Alas, the various tendrils of my ugly inner self are protruding. Talk about showing one's sequins!!! I'd better go and scour around for sheep.


  1. BLONDES??????????????? Don't get me started on this subject... I think you already know how I feel about it.

  2. Guys like brunettes better than blondes, anyway. Or at least they should. Brunettes are far prettier. I know, I conducted research.

  3. Liz, we should talk...

    I devised a possible answer to the question, despite my strong feelings: the order goes beautiful brunettes, beautiful blondes, average blondes, average brunettes.
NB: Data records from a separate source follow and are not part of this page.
lemma not_V_conv_zero_e2: "\<not> V_conv 0 3 (\<lambda>n. zero_bracket) e2_bracket"
proof
  assume conv: "V_conv 0 3 (\<lambda>n. zero_bracket) e2_bracket"
  define W where "W = {\<mu> \<in> V_space 0 3. \<mu> \<noteq> zero_bracket}"
  have "open (\<Union>a b c. {\<mu>::brk. 0 < \<bar>\<mu> a b c\<bar>})"
    by (intro open_UN ballI open_Collect_less continuous_intros continuous_on_bracket_coeff)
  moreover have "W = V_space 0 3 \<inter> (\<Union>a b c. {\<mu>::brk. 0 < \<bar>\<mu> a b c\<bar>})"
    unfolding W_def zero_bracket_def by (auto simp: fun_eq_iff)
  ultimately have "openin (top_of_set (V_space 0 3)) W"
    unfolding openin_open by blast
  moreover have "saturated 0 3 W"
    unfolding saturated_def
  proof (intro ballI)
    fix \<mu> h assume \<mu>: "\<mu> \<in> W" and h: "h \<in> grp 0 3"
    have \<mu>V: "\<mu> \<in> V_space 0 3"
      using \<mu> unfolding W_def by blast
    obtain g' where "\<And>\<nu>. act 0 3 g' (act 0 3 h \<nu>) = act 0 3 (block_pair 0 3 id_mat id_mat id_mat) \<nu>"
      using grp_act_quotient[OF block_pair_id_in_grp h] by metis
    then have "act 0 3 g' (act 0 3 h \<mu>) = \<mu>"
      using act_id[OF \<mu>V] by simp
    moreover have "act 0 3 g' zero_bracket = zero_bracket"
      unfolding act_def zero_bracket_def by (intro ext) simp
    ultimately have "act 0 3 h \<mu> \<noteq> zero_bracket"
      using \<mu> unfolding W_def by auto
    then show "act 0 3 h \<mu> \<in> W"
      unfolding W_def using act_V_space[OF h \<mu>V] by blast
  qed
  moreover have "e2_bracket \<in> W"
    using Hloc_e2_bracket unfolding W_def Hloc_def H12_def
    by (auto simp: fun_eq_iff e2_bracket_def zero_bracket_def)
  ultimately have "\<forall>\<^sub>F n in sequentially. zero_bracket \<in> W"
    using conv unfolding V_conv_def by blast
  then show False
    unfolding W_def by simp
qed
(* Let $i\ge0$, let $\mathbf{e}_i$ be a 1-dimensional error pattern at level $i$, let $\mathbf{e}_{i+1}$ be a 1-dimensional preimage of $\mathbf{e}_i$, and let $P_{i+1}$ be the number of paths of $\mathbf{e}_{i+1}$. Then $\mathrm{wt}(\mathbf{e}_{i+1})+P_{i+1}\ge2\,\mathrm{wt}(\mathbf{e}_i)$.
   Context: 1-dimensional model. For $j\ge0$, the line at level $j$ is the cycle with vertex set $\mathbb{Z}/2^j\mathbb{Z}$ and edges $\{v,v+1\}$, $v\in\mathbb{Z}/2^j\mathbb{Z}$ (for $j=0$, one vertex with a loop edge). A 1-dimensional error pattern at level $j$ is a subset of these edges; $\mathrm{wt}$ is its number of edges; its syndrome is the set of vertices incident to an odd number of its edges. The number of paths of a pattern is the number of connected components (maximal runs of consecutive edges) of the pattern, except that it is $0$ when the pattern is the whole cycle. At level $j+1$, block $m\in\mathbb{Z}/2^j\mathbb{Z}$ consists of the left edge $\{2m,2m+1\}$ and right edge $\{2m+1,2m+2\}$ and corresponds to the edge $\{m,m+1\}$ at level $j$. One reduction stage applied to a pattern $\mathbf{f}$ at level $j+1$ with syndrome $S$: (a) for every block, if $2m+1,2m+2\in S$, flip (add mod 2) the right edge and remove both from $S$; (b) then for every block, if $2m+1$ is still in $S$, flip the left edge. In the resulting pattern $\mathbf{f}'$ each block contains $0$ or $2$ edges; the image of $\mathbf{f}$ is the pattern at level $j$ containing $\{m,m+1\}$ iff block $m\subseteq\mathbf{f}'$. A pattern $\mathbf{f}$ at level $j+1$ is a 1-dimensional preimage of $\mathbf{g}$ at level $j$ if the image of $\mathbf{f}$ is $\mathbf{g}$. *)

theory Defs
  imports Main
begin

text \<open>Level j: the cycle on vertices {0..<2^j} (= Z/2^j Z). Edge number e (e < 2^j)
  is the edge {e, e+1 mod 2^j}; for j = 0 this is the loop at vertex 0.
  A pattern is a set of edge numbers.\<close>

definition edges1 :: "nat \<Rightarrow> nat set" where
  "edges1 j = {..<2^j}"

definition is_pattern1 :: "nat \<Rightarrow> nat set \<Rightarrow> bool" where
  "is_pattern1 j f \<longleftrightarrow> f \<subseteq> edges1 j"

definition wt :: "nat set \<Rightarrow> nat" where
  "wt f = card f"

definition incident1 :: "nat \<Rightarrow> nat \<Rightarrow> nat \<Rightarrow> bool" where
  "incident1 j e v \<longleftrightarrow> v = e \<or> v = (e + 1) mod 2^j"

definition syndrome1 :: "nat \<Rightarrow> nat set \<Rightarrow> nat set" where
  "syndrome1 j f = {v. v < 2^j \<and> odd (card {e \<in> f. incident1 j e v})}"

definition adj1 :: "nat \<Rightarrow> nat set \<Rightarrow> (nat \<times> nat) set" where
  "adj1 j f = {(u, v). u \<in> f \<and> v \<in> f \<and> (v = (u + 1) mod 2^j \<or> u = (v + 1) mod 2^j)}"

definition conn1 :: "nat \<Rightarrow> nat set \<Rightarrow> (nat \<times> nat) set" where
  "conn1 j f = (adj1 j f)\<^sup>* \<inter> (f \<times> f)"

definition num_paths :: "nat \<Rightarrow> nat set \<Rightarrow> nat" where
  "num_paths j f = (if f = edges1 j then 0 else card (f // conn1 j f))"

definition symdiff :: "'a set \<Rightarrow> 'a set \<Rightarrow> 'a set" where
  "symdiff A B = (A - B) \<union> (B - A)"

text \<open>One reduction stage from level j+1 to level j. Block m (m < 2^j) consists of the
  left edge 2m = {2m,2m+1} and the right edge 2m+1 = {2m+1,2m+2}.\<close>

definition stage_a_blocks :: "nat \<Rightarrow> nat set \<Rightarrow> nat set" where
  "stage_a_blocks j S = {m. m < 2^j \<and> 2*m+1 \<in> S \<and> (2*m+2) mod 2^(j+1) \<in> S}"

definition reduce1 :: "nat \<Rightarrow> nat set \<Rightarrow> nat set" where
  "reduce1 j f =
    (let S = syndrome1 (j+1) f;
         A = stage_a_blocks j S;
         f1 = symdiff f {2*m+1 | m. m \<in> A};
         S1 = S - ({2*m+1 | m. m \<in> A} \<union> {(2*m+2) mod 2^(j+1) | m. m \<in> A});
         f2 = symdiff f1 {2*m | m. m < 2^j \<and> 2*m+1 \<in> S1}
     in f2)"

definition image1 :: "nat \<Rightarrow> nat set \<Rightarrow> nat set" where
  "image1 j f = {m. m < 2^j \<and> 2*m \<in> reduce1 j f \<and> 2*m+1 \<in> reduce1 j f}"

definition is_preimage1 :: "nat \<Rightarrow> nat set \<Rightarrow> nat set \<Rightarrow> bool" where
  "is_preimage1 j f g \<longleftrightarrow> is_pattern1 (j+1) f \<and> image1 j f = g"

end

theory Submission
  imports Defs
begin

text \<open>Every block m in the image of e_(i+1) either lies in e_(i+1) entirely, or
  contains exactly one edge of it and then a path of e_(i+1) starts at edge 2m+1 or 2m+2.
  Blocks of the first kind use two edges of e_(i+1), blocks of the second kind one edge
  and one path start; distinct blocks use distinct edges and distinct starts, and there
  are at most as many path starts as paths.\<close>

lemma Suc_mod_eq_iff_eq_pred_mod:
  fixes N e v :: nat
  assumes "e < N" "v < N"
  shows "(e + 1) mod N = v \<longleftrightarrow> e = (v + N - 1) mod N"
proof (cases "e + 1 < N")
  case True
  then show ?thesis using assms by (cases v) (auto simp: mod_if)
next
  case False
  then have "e + 1 = N" using assms by simp
  then show ?thesis using assms by (cases v) (auto simp: mod_if)
qed

lemma pred_mod_mod:
  fixes N a :: nat
  assumes "N > 0"
  shows "(a mod N + N - 1) mod N = (a + N - 1) mod N"
proof -
  have "a mod N + N - 1 = a mod N + (N - 1)" "a + N - 1 = a + (N - 1)" using assms by auto
  then show ?thesis by (simp add: mod_add_left_eq)
qed

lemma pred_mod_Suc_mod:
  fixes N a :: nat
  assumes "a < N"
  shows "((a + 1) mod N + N - 1) mod N = a"
  using Suc_mod_eq_iff_eq_pred_mod[of a N "(a + 1) mod N"] assms by simp

lemma even_double_Suc_mod:
  fixes m j :: nat
  shows "even ((2 * m + 2) mod 2 ^ (j + 1))"
  by (rule dvd_mod) auto

lemma syndrome1_iff:
  assumes f: "is_pattern1 j f" and j: "j \<ge> 1" and v: "v < 2 ^ j"
  shows "v \<in> syndrome1 j f \<longleftrightarrow> ((v \<in> f) \<noteq> ((v + 2 ^ j - 1) mod 2 ^ j \<in> f))"
proof -
  define N :: nat where "N = 2 ^ j"
  define w where "w = (v + N - 1) mod N"
  have "N \<ge> 2" unfolding N_def using j
    by (metis one_le_numeral power_increasing power_one_right)
  then have "v \<noteq> w" "w < N" unfolding w_def using v N_def
    by (cases v; auto simp: mod_if)+
  have "incident1 j e v \<longleftrightarrow> e = v \<or> e = w" if "e \<in> f" for e
    using that f Suc_mod_eq_iff_eq_pred_mod[of e N v] v
    unfolding incident1_def w_def is_pattern1_def edges1_def N_def by auto
  then have "{e \<in> f. incident1 j e v} = ({v} \<inter> f) \<union> ({w} \<inter> f)"
    by auto
  with \<open>v \<noteq> w\<close> have "card {e \<in> f. incident1 j e v} = of_bool (v \<in> f) + of_bool (w \<in> f)"
    by (auto simp: card_insert_if)
  then show ?thesis unfolding syndrome1_def using v w_def N_def by auto
qed

definition path_starts :: "nat \<Rightarrow> nat set \<Rightarrow> nat set" where
  "path_starts j f = {e \<in> f. (e + 2 ^ j - 1) mod 2 ^ j \<notin> f}"

lemma adj1_rtrancl_within_run:
  assumes f: "is_pattern1 j f" and s: "s \<in> path_starts j f"
    and run_end: "(s + L) mod 2 ^ j \<notin> f" and run: "\<forall>k<L. (s + k) mod 2 ^ j \<in> f"
    and st: "(s, t) \<in> (adj1 j f)\<^sup>*"
  shows "\<exists>k<L. t = (s + k) mod 2 ^ j"
  using st
proof (induction rule: rtrancl_induct)
  case base
  have "s < 2 ^ j" using s f unfolding path_starts_def is_pattern1_def edges1_def by auto
  moreover have "L > 0" using run_end s \<open>s < 2 ^ j\<close> unfolding path_starts_def by (cases L) auto
  ultimately show ?case by (intro exI[of _ 0]) auto
next
  case (step u v)
  define N :: nat where "N = 2 ^ j"
  from step.IH obtain k where k: "k < L" "u = (s + k) mod N" unfolding N_def by blast
  have uv: "u \<in> f" "v \<in> f" "v = (u + 1) mod N \<or> u = (v + 1) mod N"
    using step.hyps(2) unfolding adj1_def N_def by auto
  show ?case
  proof (cases "v = (u + 1) mod N")
    case True
    then have v: "v = (s + (k + 1)) mod N" using k by (simp add: mod_Suc_eq)
    show ?thesis
    proof (cases "k + 1 < L")
      case True then show ?thesis using v N_def by blast
    next
      case False
      then have "k + 1 = L" using k by simp
      then show ?thesis using v uv run_end N_def by simp
    qed
  next
    case False
    then have "u = (v + 1) mod N" using uv by blast
    moreover have "v < N" using uv f unfolding is_pattern1_def edges1_def N_def by auto
    ultimately have v: "v = (u + N - 1) mod N"
      using Suc_mod_eq_iff_eq_pred_mod[of v N u] by (simp add: N_def)
    show ?thesis
    proof (cases k)
      case 0
      then show ?thesis using k v uv s f
        unfolding path_starts_def is_pattern1_def edges1_def N_def by auto
    next
      case (Suc k')
      have "v = (s + k + N - 1) mod N" using v k pred_mod_mod[of N] by (simp add: N_def)
      also have "s + k + N - 1 = (s + k') + N" using Suc by simp
      finally show ?thesis using Suc k by (intro exI[of _ k']) (auto simp: N_def)
    qed
  qed
qed

text \<open>The class of a start s is the run s, s+1, ..., s+L-1 ending before the first edge
  s+L outside f, which exists because f is not the whole cycle; no other edge of the run
  is a start.\<close>

lemma path_starts_conn1_eq:
  assumes f: "is_pattern1 j f" and ne: "f \<noteq> edges1 j"
    and s: "s \<in> path_starts j f" and t: "t \<in> path_starts j f" and st: "(s, t) \<in> conn1 j f"
  shows "s = t"
proof -
  define N :: nat where "N = 2 ^ j"
  have sN: "s < N" using s f unfolding path_starts_def is_pattern1_def edges1_def N_def by auto
  obtain e0 where e0: "e0 < N" "e0 \<notin> f"
    using f ne unfolding is_pattern1_def edges1_def N_def by blast
  have "(s + (e0 + N - s)) mod N \<notin> f" using sN e0 by simp
  then have ex: "\<exists>L. (s + L) mod N \<notin> f" by blast
  define L where "L = (LEAST L. (s + L) mod N \<notin> f)"
  have run_end: "(s + L) mod N \<notin> f" unfolding L_def using LeastI_ex[OF ex] .
  have run: "\<forall>k<L. (s + k) mod N \<in> f" unfolding L_def using not_less_Least by blast
  obtain k where k: "k < L" "t = (s + k) mod N"
    using adj1_rtrancl_within_run[OF f s, of L t] run_end run st
    unfolding conn1_def N_def by blast
  show "s = t"
  proof (cases k)
    case 0 then show ?thesis using k sN by simp
  next
    case (Suc k')
    have "(t + N - 1) mod N = (s + k + N - 1) mod N" using k pred_mod_mod[of N] by (simp add: N_def)
    also have "s + k + N - 1 = (s + k') + N" using Suc by simp
    finally have "(t + N - 1) mod N \<in> f" using run k Suc by simp
    then show ?thesis using t unfolding path_starts_def N_def by simp
  qed
qed

lemma card_path_starts_le_num_paths:
  assumes f: "is_pattern1 j f"
  shows "card (path_starts j f) \<le> num_paths j f"
proof (cases "f = edges1 j")
  case True
  then have "path_starts j f = {}" unfolding path_starts_def edges1_def by auto
  then show ?thesis by simp
next
  case False
  have "inj_on (\<lambda>s. conn1 j f `` {s}) (path_starts j f)"
  proof (rule inj_onI)
    fix s t assume s: "s \<in> path_starts j f" and t: "t \<in> path_starts j f"
      and eq: "conn1 j f `` {s} = conn1 j f `` {t}"
    have "(t, t) \<in> conn1 j f" using t unfolding path_starts_def conn1_def by auto
    with eq have "(s, t) \<in> conn1 j f" by blast
    then show "s = t" using path_starts_conn1_eq[OF f False s t] by blast
  qed
  moreover have "(\<lambda>s. conn1 j f `` {s}) ` path_starts j f \<subseteq> f // conn1 j f"
    unfolding path_starts_def quotient_def by blast
  moreover have "finite (f // conn1 j f)"
  proof (rule finite_subset)
    show "f // conn1 j f \<subseteq> Pow f" unfolding quotient_def conn1_def by blast
    show "finite (Pow f)" using f finite_subset unfolding is_pattern1_def edges1_def by blast
  qed
  ultimately show ?thesis
    using card_inj_on_le False unfolding num_paths_def by simp
qed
I hope no one is offended by that, but it explains why most blondes rate higher than brunettes...

    Also, it has to do with the fact that blondes' eyes stand out more than brunettes', just because of the coloring.

    Can you tell I've thought about this before? I'm still convinced that guys either prefer blondes, or like both (prefer either). I've met a total of only 3 guys who I believe truly prefer brunettes.

  4. I suppose the title of my recent post is misleading. I only said it referring to the specific girl, not the entire body of fair-haired women. If a woman be redhead, brunette, raven, or blonde, I don't care. I can say that I do not typically go for true blondes but only because in certain instances the stereotype is painfully true . . . LOL! Women of any hair color are equally perplexing, IMO.

  5. Haha.... ++, Taylor!

    Seriously, I wouldnt want to go out with a guy who is shallow enough to have hair preferences!! Hence, girls, it's their loss, not ours!

    And Taylor dearest, I messaged you re: this girl over msn already. Ask her again in another 2-3 weeks. She might've been genuinely busy, you cant make assumptions too quickly. But if she has yet another unexplained excuse up her sleeve next time, then it's time you bid her adeau. Goodluck!! :)


    Oops...sorry. MOLDY BLOG! MOLDY BLOG! :p

  7. HAPPY BIRTHDAY, TAYLOR!!! (a day late)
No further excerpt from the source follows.